121 Which, while I forded,--good saints, how I feared
122 To set my foot upon a dead man's cheek,
123 Each step, or feel the spear I thrust to seek
124 For hollows, tangled in his hair or beard!
125 --It may have been a water-rat I speared,
126 But, ugh! it sounded like a baby's shriek.
127 Glad was I when I reached the other bank.
128 Now for a better country. Vain presage!
129 Who were the strugglers, what war did they wage,
130 Whose savage trample thus could pad the dank
131 Soil to a plash? Toads in a poisoned tank,
132 Or wild cats in a red-hot iron cage--
133 The fight must so have seemed in that fell cirque.
134 What penned them there, with all the plain to choose?
135 No foot-print leading to that horrid mews,
136 None out of it. Mad brewage set to work
137 Their brains, no doubt, like galley-slaves the Turk
138 Pits for his pastime, Christians against Jews.
139 And more than that--a furlong on--why, there!
140 What bad use was that engine for, that wheel,
141 Or brake, not wheel--that harrow fit to reel
142 Men's bodies out like silk? with all the air
143 Of Tophet's tool, on earth left unaware,
144 Or brought to sharpen its rusty teeth of steel.
145 Then came a bit of stubbed ground, once a wood,
146 Next a marsh, it would seem, and now mere earth
147 Desperate and done with; (so a fool finds mirth,
148 Makes a thing and then mars it, till his mood
149 Changes and off he goes!) within a rood--
150 Bog, clay and rubble, sand and stark black dearth.
151 Now blotches rankling, coloured gay and grim,
152 Now patches where some leanness of the soil's
153 Broke into moss or substances like boils;
154 Then came some palsied oak, a cleft in him
155 Like a distorted mouth that splits its rim
156 Gaping at death, and dies while it recoils.
157 And just as far as ever from the end!
158 Nought in the distance but the evening, nought
159 To point my footstep further! At the thought,
160 A great black bird, Apollyon's bosom-friend,
161 Sailed past, nor beat his wide wing dragon-penned
162 That brushed my cap--perchance the guide I sought.
163 For, looking up, aware I somehow grew,
164 'Spite of the dusk, the plain had given place
165 All round to mountains--with such name to grace
166 Mere ugly heights and heaps now stolen in view.
167 How thus they had surprised me,--solve it, you!
168 How to get from them was no clearer case.
169 Yet half I seemed to recognise some trick
170 Of mischief happened to me, God knows when--
171 In a bad dream perhaps. Here ended, then,
172 Progress this way.

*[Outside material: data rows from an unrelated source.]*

lemma card_chain_in_le_good_level:
  assumes gh: "g \<le> h" and h1: "1 \<le> h" and hn: "2 * h \<le> n" and d0: "d \<ge> 0"
    and i: "h \<le> i" "i \<le> n - h"
  shows "real (card {\<sigma>. \<sigma> permutes {1..n} \<and> \<sigma> ` {1..i} \<in> \<A>})
     \<le> real (card {\<sigma>. \<sigma> permutes {1..n} \<and> good_level \<A> n g h d \<sigma> i})
       + (2 / real n + (2 * d + real h) / real h ^ 2) * fact n"
proof -
  define bad_S where "bad_S = {\<sigma>. \<sigma> permutes {1..n} \<and> \<sigma> ` {1..i} \<in> \<A> \<and>
    real (card (completions \<A> \<sigma> n g i)) < 1 / real n * real (2 * g choose g)}"
  define bad_T where "bad_T = {\<sigma>. \<sigma> permutes {1..n} \<and> \<sigma> ` {1..i} \<in> \<A> \<and>
    real (card (core d (completions \<A> \<sigma> n h i))) < 1 / real n * real (2 * h choose h)}"
  have "real (card bad_S) \<le> 1 / real n * fact n"
    unfolding bad_S_def
    by (rule card_chain_in_le[where \<Phi> = "\<lambda>\<F>. real (card \<F>) < 1 / real n * real (2 * g choose g)"])
      (use gh hn i in auto)
  moreover have "real (card bad_T) \<le> (1 / real n + (2 * d + real h) / real h ^ 2) * fact n"
    unfolding bad_T_def
  proof (rule card_chain_in_le[where \<Phi> = "\<lambda>\<D>. real (card (core d \<D>)) < 1 / real n * real (2 * h choose h)"])
    show "2 * h \<le> n" "h \<le> i" "i \<le> n - h" "0 \<le> 1 / real n + (2 * d + real h) / real h ^ 2"
      using hn i d0 by auto
    fix \<sigma> assume \<sigma>: "\<sigma> permutes {1..n}"
      and small_core: "real (card (core d (completions \<A> \<sigma> n h i))) < 1 / real n * real (2 * h choose h)"
    have cT: "card (\<sigma> ` outer_block n h) = 2 * h"
      using card_outer_block[OF hn] permutes_inj[OF \<sigma>] by (simp add: card_image inj_on_subset)
    have "real (card (\<sigma> ` outer_block n h) choose (h - 1)) \<le> real (2 * h choose h)"
      using cT binomial_maximum'[of h "h - 1"] by simp
    then have "real (card (\<sigma> ` outer_block n h) choose (h - 1)) * (2 * d + real h) / real h ^ 2
        \<le> real (2 * h choose h) * (2 * d + real h) / real h ^ 2"
      using d0 by (intro divide_right_mono mult_right_mono) auto
    then have "real (card (completions \<A> \<sigma> n h i)) \<le> real (card (core d (completions \<A> \<sigma> n h i)))
       + real (2 * h choose h) * (2 * d + real h) / real h ^ 2"
      using card_le_card_core[OF _ h1 d0, of "\<sigma> ` outer_block n h" "completions \<A> \<sigma> n h i"]
      by (force simp: completions_def)
    then show "real (card (completions \<A> \<sigma> n h i)) \<le> (1 / real n + (2 * d + real h) / real h ^ 2) * real (2 * h choose h)"
      using small_core by (simp add: algebra_simps)
  qed
  moreover have "card {\<sigma>. \<sigma> permutes {1..n} \<and> \<sigma> ` {1..i} \<in> \<A>}
      \<le> card {\<sigma>. \<sigma> permutes {1..n} \<and> good_level \<A> n g h d \<sigma> i} + card bad_S + card bad_T"
  proof -
    have "{\<sigma>. \<sigma> permutes {1..n} \<and> \<sigma> ` {1..i} \<in> \<A>}
        \<subseteq> {\<sigma>. \<sigma> permutes {1..n} \<and> good_level \<A> n g h d \<sigma> i} \<union> bad_S \<union> bad_T"
      unfolding bad_S_def bad_T_def good_level_def by auto
    moreover have "finite bad_S" "finite bad_T"
      unfolding bad_S_def bad_T_def by (auto intro: finite_subset[OF _ finite_permutations[of "{1..n}"]])
    moreover have "finite {\<sigma>. \<sigma> permutes {1..n} \<and> good_level \<A> n g h d \<sigma> i}"
      by (auto intro: finite_subset[OF _ finite_permutations[of "{1..n}"]])
    ultimately show ?thesis
      using card_Un_le[of "{\<sigma>. \<sigma> permutes {1..n} \<and> good_level \<A> n g h d \<sigma> i} \<union> bad_S" bad_T]
        card_Un_le[of "{\<sigma>. \<sigma> permutes {1..n} \<and> good_level \<A> n g h d \<sigma> i}" bad_S]
      by (meson add_right_mono card_mono finite_UnI order_trans)
  qed
  moreover have "2 / real n = 1 / real n + 1 / real n" by simp
  ultimately show ?thesis by (simp only: distrib_right)
qed

lemma sum_binomial_le_two_power: "(\<Sum>i\<in>W. real (n choose i)) \<le> 2 ^ n" if "W \<subseteq> {..n}"
proof -
  have "(\<Sum>i\<in>W. real (n choose i)) \<le> (\<Sum>i\<le>n. real (n choose i))"
    using that by (intro sum_mono2) auto
  also have "\<dots> = real (\<Sum>i\<le>n. n choose i)" by simp
  also have "\<dots> = 2 ^ n" by (simp add: choose_row_sum)
  finally show ?thesis .
qed

text \<open>Averaging over \<open>\<sigma>\<close>, with layer \<open>i\<close> weighted by \<open>n choose i\<close> so that the weighted count of
  permutations whose chain meets \<open>\<A>\<close> at level \<open>i\<close> is \<open>n! |\<A> \<inter> [n]\<^bsup>(i)\<^esup>|\<close>.\<close>
lemma exists_permutes_good_levels:
  assumes gh: "g \<le> h" and h1: "1 \<le> h" and hn: "2 * h \<le> n" and d0: "d \<ge> 0"
    and A: "\<A> \<subseteq> Pow {1..n}"
  defines "c \<equiv> 2 / real n + (2 * d + real h) / real h ^ 2"
  shows "\<exists>\<sigma>. \<sigma> permutes {1..n} \<and>
     (\<Sum>i\<in>{i\<in>{h..n-h}. good_level \<A> n g h d \<sigma> i}. real (n choose i))
       \<ge> (\<Sum>i\<in>{h..n-h}. real (card {X\<in>\<A>. card X = i})) - c * 2 ^ n"
proof (rule ccontr)
  let ?G = "{\<sigma>. \<sigma> permutes {1..n}}"
  let ?W = "{h..n-h}"
  let ?a = "\<lambda>i. real (card {X\<in>\<A>. card X = i})"
  let ?good = "\<lambda>\<sigma>. (\<Sum>i\<in>{i\<in>?W. good_level \<A> n g h d \<sigma> i}. real (n choose i))"
  have finG: "finite ?G" by (simp add: finite_permutations)
  have cardG: "card ?G = fact n" using card_permutations[of "{1..n}" n] by simp
  assume "\<not> ?thesis"
  then have "?good \<sigma> < (\<Sum>i\<in>?W. ?a i) - c * 2 ^ n" if "\<sigma> \<in> ?G" for \<sigma>
    using that by auto
  then have "(\<Sum>\<sigma>\<in>?G. ?good \<sigma>) < real (card ?G) * ((\<Sum>i\<in>?W. ?a i) - c * 2 ^ n)"
    using cardG by (intro sum_bounded_above_strict) auto
  moreover have "real (card ?G) * ((\<Sum>i\<in>?W. ?a i) - c * 2 ^ n) \<le> (\<Sum>\<sigma>\<in>?G. ?good \<sigma>)"
  proof -
    have c0: "c \<ge> 0" using d0 by (simp add: c_def)
    have "c * (\<Sum>i\<in>?W. real (n choose i)) \<le> c * 2 ^ n"
      using sum_binomial_le_two_power[of ?W n] c0 by (intro mult_left_mono) auto
    then have "real (card ?G) * ((\<Sum>i\<in>?W. ?a i) - c * 2 ^ n)
        \<le> fact n * ((\<Sum>i\<in>?W. ?a i) - c * (\<Sum>i\<in>?W. real (n choose i)))"
      unfolding cardG of_nat_fact by (intro mult_left_mono) auto
    also have "\<dots> = (\<Sum>i\<in>?W. ?a i * fact n - real (n choose i) * c * fact n)"
      by (simp only: sum_subtractf sum_distrib_right sum_distrib_left right_diff_distrib mult_ac)
    also have "\<dots> = (\<Sum>i\<in>?W. real (n choose i) * (real (card {\<sigma>\<in>?G. \<sigma> ` {1..i} \<in> \<A>}) - c * fact n))"
    proof (rule sum.cong[OF refl])
      fix i assume "i \<in> ?W"
      then have "i \<le> n" by auto
      from card_permutes_chain_in[OF A this]
      show "?a i * fact n - real (n choose i) * c * fact n
          = real (n choose i) * (real (card {\<sigma>\<in>?G. \<sigma> ` {1..i} \<in> \<A>}) - c * fact n)"
        by (simp add: algebra_simps)
    qed
    also have "\<dots> \<le> (\<Sum>i\<in>?W. real (n choose i) * real (card {\<sigma>\<in>?G. good_level \<A> n g h d \<sigma> i}))"
    proof (rule sum_mono)
      fix i assume "i \<in> ?W"
      then have "real (card {\<sigma>\<in>?G. \<sigma> ` {1..i} \<in> \<A>}) - c * fact n
          \<le> real (card {\<sigma>\<in>?G. good_level \<A> n g h d \<sigma> i})"
        using card_chain_in_le_good_level[OF gh h1 hn d0, of i \<A>] unfolding c_def by auto
      then show "real (n choose i) * (real (card {\<sigma>\<in>?G. \<sigma> ` {1..i} \<in> \<A>}) - c * fact n)
          \<le> real (n choose i) * real (card {\<sigma>\<in>?G. good_level \<A> n g h d \<sigma> i})"
        by (intro mult_left_mono) auto
    qed
    also have "\<dots> = (\<Sum>i\<in>?W. \<Sum>\<sigma>\<in>?G. if good_level \<A> n g h d \<sigma> i then real (n choose i) else 0)"
      using finG by (simp add: sum.If_cases Int_def mult.commute)
    also have "\<dots> = (\<Sum>\<sigma>\<in>?G. ?good \<sigma>)"
      by (subst sum.swap) (intro sum.cong refl sum.inter_filter[symmetric] finite_atLeastAtMost)
    finally show ?thesis .
  qed
  ultimately show False by linarith
qed

section \<open>The outer layers\<close>

lemma finite_below_half: "e \<ge> 0 \<Longrightarrow> finite {i::nat. real i \<le> real n / 2 - e}"
proof (rule finite_subset[of _ "{..n}"])
  show "{i::nat. real i \<le> real n / 2 - e} \<subseteq> {..n}" if "e \<ge> 0"
  proof
    fix x assume "x \<in> {i::nat. real i \<le> real n / 2 - e}"
    then have "real x \<le> real n" using that by simp
    then show "x \<in> {..n}" by simp
  qed
qed auto

lemma sum_binomial_below_half_le:
  assumes n: "n > 0" and e: "e \<ge> 0"
  shows "(\<Sum>i\<in>{i. real i \<le> real n / 2 - e}. real (n choose i)) \<le> 2 ^ n * exp (-2 * e\<^sup>2 / n)"
proof -
  interpret binomial_distribution n "1/2" by unfold_locales auto
  let ?L = "{i::nat. real i \<le> real n / 2 - e}"
  have pmf: "pmf (binomial_pmf n (1/2)) i = real (n choose i) / 2 ^ n" for i
  proof (cases "i \<le> n")
    case True
    have "(1/2::real) ^ i * (1 - 1/2) ^ (n - i) = (1/2) ^ (i + (n - i))" by (simp add: power_add)
    then show ?thesis using True by (simp add: power_divide)
  next
    case False then show ?thesis by (simp add: binomial_eq_0)
  qed
  have "measure_pmf.prob (binomial_pmf n (1/2)) {x. real x \<le> real n * (1/2) - e}
      = (\<Sum>i\<in>?L. pmf (binomial_pmf n (1/2)) i)"
    using finite_below_half[OF e] by (subst measure_measure_pmf_finite) auto
  also have "\<dots> = (\<Sum>i\<in>?L. real (n choose i)) / 2 ^ n"
    by (simp only: pmf sum_divide_distrib)
  finally show ?thesis using prob_le[OF n e] by (simp add: divide_le_eq mult.commute)
qed

lemma card_eq_sum_card_layers:
  assumes A: "\<A> \<subseteq> Pow {1..n}"
  shows "real (card \<A>) = (\<Sum>i\<in>{0..n}. real (card {X\<in>\<A>. card X = i}))"
proof -
  have finA: "finite \<A>" using A by (metis finite_Pow_iff finite_atLeastAtMost finite_subset)
  have "card X \<le> n" if "X \<in> \<A>" for X
    using A that card_mono[of "{1..n}" X] by auto
  then have "\<A> = (\<Union>i\<in>{0..n}. {X\<in>\<A>. card X = i})" by auto
  then have "card \<A> = card (\<Union>i\<in>{0..n}. {X\<in>\<A>. card X = i})" by simp
  also have "\<dots> = (\<Sum>i\<in>{0..n}. card {X\<in>\<A>. card X = i})"
    by (rule card_UN_disjoint) (use finA in auto)
  finally show ?thesis by simp
qed

lemma card_layer_le_binomial:
  assumes "\<A> \<subseteq> Pow {1..n}"
  shows "real (card {X\<in>\<A>. card X = i}) \<le> real (n choose i)"
proof -
  have "card {X\<in>\<A>. card X = i} \<le> card {X. X \<subseteq> {1..n} \<and> card X = i}"
    using assms by (intro card_mono) auto
  also have "\<dots> = n choose i" using n_subsets[of "{1..n}" i] by simp
  finally show ?thesis by simp
qed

When, in the very nick
173 Of giving up, one time more, came a click
174 As when a trap shuts--you're inside the den!
175 Burningly it came on me all at once,
176 This was the place! those two hills on the right,
177 Crouched like two bulls locked horn in horn in fight;
178 While to the left, a tall scalped mountain . . . Dunce,
179 Dotard, a-dozing at the very nonce,
180 After a life spent training for the sight!
181 What in the midst lay but the Tower itself?

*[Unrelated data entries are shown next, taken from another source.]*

(* Let $L$ be the $S$-glued sum of an $S$-glued system $(L_x)_{x\in S}$, let $L'$ be a lattice (join $+$, meet $\cdot$), and let $\varphi_x:L_x\to L'$ ($x\in S$) be lattice homomorphisms such that $\varphi_x$ and $\varphi_y$ agree on $L_x\cap L_y$ whenever $x\prec y$ in $S$. Assume that either $S$ is modular, or for all $x,y\in S$: $\varphi_x(0_x)+\varphi_y(0_y)=\varphi_{x\vee y}(0_{x\vee y})$ and $\varphi_x(1_x)\cdot\varphi_y(1_y)=\varphi_{x\wedge y}(1_{x\wedge y})$. Then $\varphi:=\bigcup_{x\in S}\varphi_x$ is a well-defined map $L\to L'$ and is a lattice homomorphism; if every $\varphi_x$ is injective, then $\varphi$ is injective.
   Context: Let $S$ be a lattice of finite length (every chain in $S$ is finite), with order $\le$, join $\vee$ and meet $\wedge$; $x\prec y$ means that $y$ covers $x$. An \emph{$S$-glued system} is a family $(L_x,\le_x)_{x\in S}$ of lattices of finite length (with join $+_x$, meet $\cdot_x$, least element $0_x$, greatest element $1_x$), whose underlying sets may overlap, such that for all $x,y\in S$: (1) if $x\le y$ and $L_x\cap L_y\ne\emptyset$, then $L_x\cap L_y$ is a filter of $L_x$ and an ideal of $L_y$; (2) in the situation of (1), for all $a,b\in L_x\cap L_y$: $a\le_x b$ iff $a\le_y b$; (3) if $x\prec y$ then $L_x\cap L_y\ne\emptyset$; (4) $L_x\cap L_y\subseteq L_{x\wedge y}\cap L_{x\vee y}$. The \emph{$S$-glued sum} of the system is the set $L=\bigcup_{x\in S}L_x$ equipped with the relation $\le$ defined as the transitive closure of $\bigcup_{x\in S}\le_x$; it is a lattice. *)

theory Defs
  imports Main
begin

text \<open>Lattices given as a carrier set A with an order relation le (only meaningful on A).\<close>

definition is_join :: "'a set \<Rightarrow> ('a \<Rightarrow> 'a \<Rightarrow> bool) \<Rightarrow> 'a \<Rightarrow> 'a \<Rightarrow> 'a \<Rightarrow> bool" where
  "is_join A le a b c \<longleftrightarrow> c \<in> A \<and> le a c \<and> le b c \<and> (\<forall>d\<in>A. le a d \<and> le b d \<longrightarrow> le c d)"

definition is_meet :: "'a set \<Rightarrow> ('a \<Rightarrow> 'a \<Rightarrow> bool) \<Rightarrow> 'a \<Rightarrow> 'a \<Rightarrow> 'a \<Rightarrow> bool" where
  "is_meet A le a b c \<longleftrightarrow> c \<in> A \<and> le c a \<and> le c b \<and> (\<forall>d\<in>A. le d a \<and> le d b \<longrightarrow> le d c)"

definition ljoin :: "'a set \<Rightarrow> ('a \<Rightarrow> 'a \<Rightarrow> bool) \<Rightarrow> 'a \<Rightarrow> 'a \<Rightarrow> 'a" where
  "ljoin A le a b = (THE c. is_join A le a b c)"

definition lmeet :: "'a set \<Rightarrow> ('a \<Rightarrow> 'a \<Rightarrow> bool) \<Rightarrow> 'a \<Rightarrow> 'a \<Rightarrow> 'a" where
  "lmeet A le a b = (THE c. is_meet A le a b c)"

definition is_lattice :: "'a set \<Rightarrow> ('a \<Rightarrow> 'a \<Rightarrow> bool) \<Rightarrow> bool" where
  "is_lattice A le \<longleftrightarrow>
     (\<forall>a\<in>A. le a a) \<and>
     (\<forall>a\<in>A. \<forall>b\<in>A. le a b \<and> le b a \<longrightarrow> a = b) \<and>
     (\<forall>a\<in>A. \<forall>b\<in>A. \<forall>c\<in>A. le a b \<and> le b c \<longrightarrow> le a c) \<and>
     (\<forall>a\<in>A. \<forall>b\<in>A. (\<exists>c. is_join A le a b c) \<and> (\<exists>c. is_meet A le a b c))"

definition fin_length_lattice :: "'a set \<Rightarrow> ('a \<Rightarrow> 'a \<Rightarrow> bool) \<Rightarrow> bool" where
  "fin_length_lattice A le \<longleftrightarrow> is_lattice A le \<and> A \<noteq> {} \<and>
     (\<forall>C. C \<subseteq> A \<and> Complete_Partial_Order.chain le C \<longrightarrow> finite C)"

definition lbot :: "'a set \<Rightarrow> ('a \<Rightarrow> 'a \<Rightarrow> bool) \<Rightarrow> 'a" where
  "lbot A le = (THE a. a \<in> A \<and> (\<forall>b\<in>A. le a b))"

definition ltop :: "'a set \<Rightarrow> ('a \<Rightarrow> 'a \<Rightarrow> bool) \<Rightarrow> 'a" where
  "ltop A le = (THE a. a \<in> A \<and> (\<forall>b\<in>A. le b a))"

definition is_filter :: "'a set \<Rightarrow> ('a \<Rightarrow> 'a \<Rightarrow> bool) \<Rightarrow> 'a set \<Rightarrow> bool" where
  "is_filter A le F \<longleftrightarrow> F \<subseteq> A \<and> F \<noteq> {} \<and>
     (\<forall>a\<in>F. \<forall>b\<in>A. le a b \<longrightarrow> b \<in> F) \<and> (\<forall>a\<in>F. \<forall>b\<in>F. lmeet A le a b \<in> F)"

definition is_ideal :: "'a set \<Rightarrow> ('a \<Rightarrow> 'a \<Rightarrow> bool) \<Rightarrow> 'a set \<Rightarrow> bool" where
  "is_ideal A le I \<longleftrightarrow> I \<subseteq> A \<and> I \<noteq> {} \<and>
     (\<forall>a\<in>I. \<forall>b\<in>A. le b a \<longrightarrow> b \<in> I) \<and> (\<forall>a\<in>I. \<forall>b\<in>I. ljoin A le a b \<in> I)"

definition lattice_hom :: "'a set \<Rightarrow> ('a \<Rightarrow> 'a \<Rightarrow> bool) \<Rightarrow> ('a \<Rightarrow> 'b::lattice) \<Rightarrow> bool" where
  "lattice_hom A le f \<longleftrightarrow> (\<forall>a\<in>A. \<forall>b\<in>A.
     f (ljoin A le a b) = sup (f a) (f b) \<and> f (lmeet A le a b) = inf (f a) (f b))"

definition covers :: "'i::order \<Rightarrow> 'i \<Rightarrow> bool" (infix "\<prec>" 50) where
  "x \<prec> y \<longleftrightarrow> x < y \<and> \<not> (\<exists>z. x < z \<and> z < y)"

definition fin_length_type :: "'i::order itself \<Rightarrow> bool" where
  "fin_length_type _ \<longleftrightarrow> (\<forall>C::'i set. Complete_Partial_Order.chain (\<le>) C \<longrightarrow> finite C)"

definition modular_lattice :: "'i::lattice itself \<Rightarrow> bool" where
  "modular_lattice _ \<longleftrightarrow> (\<forall>x y z::'i. x \<le> z \<longrightarrow> sup x (inf y z) = inf (sup x y) z)"

definition glued_system :: "('i::lattice \<Rightarrow> 'a set) \<Rightarrow> ('i \<Rightarrow> 'a \<Rightarrow> 'a \<Rightarrow> bool) \<Rightarrow> bool" where
  "glued_system L le \<longleftrightarrow>
     (\<forall>x. fin_length_lattice (L x) (le x)) \<and>
     (\<forall>x y. x \<le> y \<and> L x \<inter> L y \<noteq> {} \<longrightarrow>
        is_filter (L x) (le x) (L x \<inter> L y) \<and> is_ideal (L y) (le y) (L x \<inter> L y)) \<and>
     (\<forall>x y. x \<le> y \<and> L x \<inter> L y \<noteq> {} \<longrightarrow>
        (\<forall>a\<in>L x \<inter> L y. \<forall>b\<in>L x \<inter> L y. le x a b \<longleftrightarrow> le y a b)) \<and>
     (\<forall>x y. x \<prec> y \<longrightarrow> L x \<inter> L y \<noteq> {}) \<and>
     (\<forall>x y. L x \<inter> L y \<subseteq> L (inf x y) \<inter> L (sup x y))"

definition glued_carrier :: "('i \<Rightarrow> 'a set) \<Rightarrow> 'a set" where
  "glued_carrier L = (\<Union>x. L x)"

definition glued_le :: "('i \<Rightarrow> 'a set) \<Rightarrow> ('i \<Rightarrow> 'a \<Rightarrow> 'a \<Rightarrow> bool) \<Rightarrow> 'a \<Rightarrow> 'a \<Rightarrow> bool" where
  "glued_le L le = (\<lambda>a b. \<exists>x. a \<in> L x \<and> b \<in> L x \<and> le x a b)\<^sup>+\<^sup>+"

end

theory Submission
  imports Defs "HOL-Library.Dual_Ordered_Lattice"
begin

text \<open>Every element \<open>a\<close> of the glued sum lies in a least component \<open>L (index a)\<close>.
  For \<open>x \<le> w\<close>, an element \<open>a \<in> L x\<close> has a canonical image in \<open>L w\<close>: join it with the
  bottoms of the components along any chain of covers from \<open>x\<close> to \<open>w\<close>; the result does not
  depend on the chain because two covers of \<open>x\<close> are reconciled inside their join. The glued
  order compares \<open>a\<close> with \<open>c\<close> by lifting \<open>a\<close> to \<open>L (index c)\<close>, so the join of \<open>a\<close> and
  \<open>b\<close> is computed inside \<open>L (index a \<squnion> index b)\<close>. The maps \<open>\<phi> x\<close> agree on all overlaps,
  and \<open>f a = \<phi> (index a) a\<close> sends a lifted element to \<open>\<phi> a \<squnion> \<phi>(0\<^sub>w)\<close>; hence \<open>f\<close>
  preserves joins as soon as \<open>\<phi>(0\<^bsub>x \<squnion> y\<^esub>) \<le> \<phi>(0\<^sub>x) \<squnion> \<phi>(0\<^sub>y)\<close>. This inequality is
  either assumed or, for modular \<open>S\<close>, obtained by induction over covering squares. Meets
  are joins of the glued sum of the order-dual system. If every \<open>\<phi> x\<close> is injective, then
  \<open>f a = f b\<close> forces \<open>a = a \<squnion> b = b\<close>, because \<open>f\<close> is monotone and injective along the
  steps that generate the glued order.\<close>

lemma chain_conversep_iff [simp]:
  "Complete_Partial_Order.chain le\<inverse>\<inverse> C \<longleftrightarrow> Complete_Partial_Order.chain le C"
  by (auto simp: Complete_Partial_Order.chain_def)

lemma wf_strict_if_finite_chains:
  assumes refl: "\<And>a. a \<in> A \<Longrightarrow> le a a"
    and trans: "\<And>a b c. a \<in> A \<Longrightarrow> b \<in> A \<Longrightarrow> c \<in> A \<Longrightarrow> le a b \<Longrightarrow> le b c \<Longrightarrow> le a c"
    and antisym: "\<And>a b. a \<in> A \<Longrightarrow> b \<in> A \<Longrightarrow> le a b \<Longrightarrow> le b a \<Longrightarrow> a = b"
    and finite_chains: "\<forall>C. C \<subseteq> A \<and> Complete_Partial_Order.chain le C \<longrightarrow> finite C"
  shows "wf {(a, b). a \<in> A \<and> b \<in> A \<and> le a b \<and> a \<noteq> b}"
proof (rule ccontr)
  assume "\<not> ?thesis"
  then obtain f where f: "\<And>i. f (Suc i) \<in> A \<and> f i \<in> A \<and> le (f (Suc i)) (f i) \<and> f (Suc i) \<noteq> f i"
    unfolding wf_iff_no_infinite_down_chain by auto
  have f_in: "f i \<in> A" for i
    using f by blast
  have descending: "le (f j) (f i)" if "i \<le> j" for i j
    using that
  proof (induction j rule: dec_induct)
    case (step j)
    then show ?case using f[of j] trans[OF f_in f_in f_in] by blast
  qed (use refl f_in in blast)
  have "inj f"
  proof (rule injI)
    have neq: "f i \<noteq> f j" if "i < j" for i j
    proof
      assume "f i = f j"
      then have "le (f i) (f (Suc i))"
        using descending[of "Suc i" j] that by simp
      then show False
        using f[of i] antisym[OF f_in f_in] by blast
    qed
    show "f i = f j \<Longrightarrow> i = j" for i j
      using neq[of i j] neq[of j i] by (cases i j rule: linorder_cases) auto
  qed
  then have "infinite (range f)"
    using finite_imageD by blast
  moreover have "Complete_Partial_Order.chain le (range f)"
  proof (rule chainI)
    fix a b assume "a \<in> range f" "b \<in> range f"
    then obtain i j where "a = f i" "b = f j" by blast
    then show "le a b \<or> le b a"
      using descending[of i j] descending[of j i] by (cases "i \<le> j") auto
  qed
  ultimately show False
    using finite_chains f_in by (metis image_subsetI)
qed

lemma ljoin_eqI:
  assumes "\<And>a b. a \<in> A \<Longrightarrow> b \<in> A \<Longrightarrow> le a b \<Longrightarrow> le b a \<Longrightarrow> a = b"
    and "is_join A le a b c"
  shows "ljoin A le a b = c"
  using assms unfolding ljoin_def is_join_def by (intro the_equality) blast+

lemma lmeet_eqI:
  assumes "\<And>a b. a \<in> A \<Longrightarrow> b \<in> A \<Longrightarrow> le a b \<Longrightarrow> le b a \<Longrightarrow> a = b"
    and "is_meet A le a b c"
  shows "lmeet A le a b = c"
  using assms unfolding lmeet_def is_meet_def by (intro the_equality) blast+

lemma is_join_conversep: "is_join A le\<inverse>\<inverse> a b c = is_meet A le a b c"
  unfolding is_join_def is_meet_def by auto

lemma is_meet_conversep: "is_meet A le\<inverse>\<inverse> a b c = is_join A le a b c"
  unfolding is_join_def is_meet_def by auto

lemma ljoin_conversep: "ljoin A le\<inverse>\<inverse> = lmeet A le"
  unfolding ljoin_def lmeet_def is_join_conversep ..

lemma lmeet_conversep: "lmeet A le\<inverse>\<inverse> = ljoin A le"
  unfolding ljoin_def lmeet_def is_meet_conversep ..

lemma lbot_conversep: "lbot A le\<inverse>\<inverse> = ltop A le"
  unfolding ltop_def lbot_def by simp

lemma is_filter_conversep: "is_filter A le\<inverse>\<inverse> F = is_ideal A le F"
  unfolding is_filter_def is_ideal_def lmeet_conversep by auto

lemma is_ideal_conversep: "is_ideal A le\<inverse>\<inverse> F = is_filter A le F"
  unfolding is_filter_def is_ideal_def ljoin_conversep by auto

locale carrier_lattice =
  fixes A :: "'a set" and le :: "'a \<Rightarrow> 'a \<Rightarrow> bool"
  assumes is_lattice: "is_lattice A le"
begin

lemma reflexive: "a \<in> A \<Longrightarrow> le a a"
  and antisymmetric: "a \<in> A \<Longrightarrow> b \<in> A \<Longrightarrow> le a b \<Longrightarrow> le b a \<Longrightarrow> a = b"
  and transitive: "a \<in> A \<Longrightarrow> b \<in> A \<Longrightarrow> c \<in> A \<Longrightarrow> le a b \<Longrightarrow> le b c \<Longrightarrow> le a c"
  using is_lattice unfolding is_lattice_def by blast+

lemma is_join_ljoin:
  assumes "a \<in> A" "b \<in> A"
  shows "is_join A le a b (ljoin A le a b)"
proof -
  obtain c where "is_join A le a b c"
    using is_lattice assms unfolding is_lattice_def by blast
  with ljoin_eqI[OF antisymmetric] show ?thesis by simp
qed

182 The round squat turret, blind as the fool's heart
183 Built of brown stone, without a counterpart
184 In the whole world. The tempest's mocking elf
185 Points to the shipman thus the unseen shelf
186 He strikes on, only when the timbers start.
187 Not see? because of night perhaps?--why, day
188 Came back again for that! before it left,
189 The dying sunset kindled through a cleft:
190 The hills, like giants at a hunting, lay
191 Chin upon hand, to see the game at bay,--
192 "Now stab and end the creature--to the heft!"
193 Not hear? when noise was everywhere! it tolled
194 Increasing like a bell. Names in my ears
195 Of all the lost adventurers my peers,--
196 How such a one was strong, and such was bold,
197 And such was fortunate, yet each of old
198 Lost, lost! one moment knelled the woe of years.
199 There they stood, ranged along the hillsides, met
200 To view the last of me, a living frame
201 For one more picture! in a sheet of flame
202 I saw them and I knew them all. And yet
203 Dauntless the slug-horn to my lips I set,
204 And blew. "Childe Roland to the Dark Tower came."